Records contained in a dataset:
----------------------------------------
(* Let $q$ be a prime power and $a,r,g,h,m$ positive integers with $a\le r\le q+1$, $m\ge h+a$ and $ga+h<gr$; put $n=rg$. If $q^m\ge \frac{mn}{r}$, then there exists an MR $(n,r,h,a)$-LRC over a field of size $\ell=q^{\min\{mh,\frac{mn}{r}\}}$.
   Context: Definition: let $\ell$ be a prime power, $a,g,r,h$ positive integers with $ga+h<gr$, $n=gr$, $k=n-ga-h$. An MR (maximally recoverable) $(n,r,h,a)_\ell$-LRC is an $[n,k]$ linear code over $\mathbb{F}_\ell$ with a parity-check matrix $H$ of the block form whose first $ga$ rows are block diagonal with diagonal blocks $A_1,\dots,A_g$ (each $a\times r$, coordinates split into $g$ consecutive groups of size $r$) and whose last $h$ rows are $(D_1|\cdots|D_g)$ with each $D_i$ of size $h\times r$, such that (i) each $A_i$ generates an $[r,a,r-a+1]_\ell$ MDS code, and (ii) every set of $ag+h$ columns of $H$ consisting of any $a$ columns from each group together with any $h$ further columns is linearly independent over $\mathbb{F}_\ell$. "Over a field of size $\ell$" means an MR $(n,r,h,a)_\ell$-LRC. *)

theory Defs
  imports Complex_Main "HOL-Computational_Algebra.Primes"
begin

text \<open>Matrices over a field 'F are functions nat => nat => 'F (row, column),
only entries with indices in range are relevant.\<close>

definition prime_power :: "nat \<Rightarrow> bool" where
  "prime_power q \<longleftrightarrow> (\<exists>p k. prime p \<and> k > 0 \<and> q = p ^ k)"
----------------------------------------
§ Work order: Please print the records above exactly, leaving nothing out.

§ Solution:
(* Let $q$ be a prime power and $a,r,g,h,m$ positive integers with $a\le r\le q+1$, $m\ge h+a$ and $ga+h<gr$; put $n=rg$. If $q^m\ge \frac{mn}{r}$, then there exists an MR $(n,r,h,a)$-LRC over a field of size $\ell=q^{\min\{mh,\frac{mn}{r}\}}$.
   Context: Definition: let $\ell$ be a prime power, $a,g,r,h$ positive integers with $ga+h<gr$, $n=gr$, $k=n-ga-h$. An MR (maximally recoverable) $(n,r,h,a)_\ell$-LRC is an $[n,k]$ linear code over $\mathbb{F}_\ell$ with a parity-check matrix $H$ of the block form whose first $ga$ rows are block diagonal with diagonal blocks $A_1,\dots,A_g$ (each $a\times r$, coordinates split into $g$ consecutive groups of size $r$) and whose last $h$ rows are $(D_1|\cdots|D_g)$ with each $D_i$ of size $h\times r$, such that (i) each $A_i$ generates an $[r,a,r-a+1]_\ell$ MDS code, and (ii) every set of $ag+h$ columns of $H$ consisting of any $a$ columns from each group together with any $h$ further columns is linearly independent over $\mathbb{F}_\ell$. "Over a field of size $\ell$" means an MR $(n,r,h,a)_\ell$-LRC. *)

theory Defs
  imports Complex_Main "HOL-Computational_Algebra.Primes"
begin

text \<open>Matrices over a field 'F are functions nat => nat => 'F (row, column),
only entries with indices in range are relevant.\<close>

definition prime_power :: "nat \<Rightarrow> bool" where
  "prime_power q \<longleftrightarrow> (\<exists>p k. prime p \<and> k > 0 \<and> q = p ^ k)"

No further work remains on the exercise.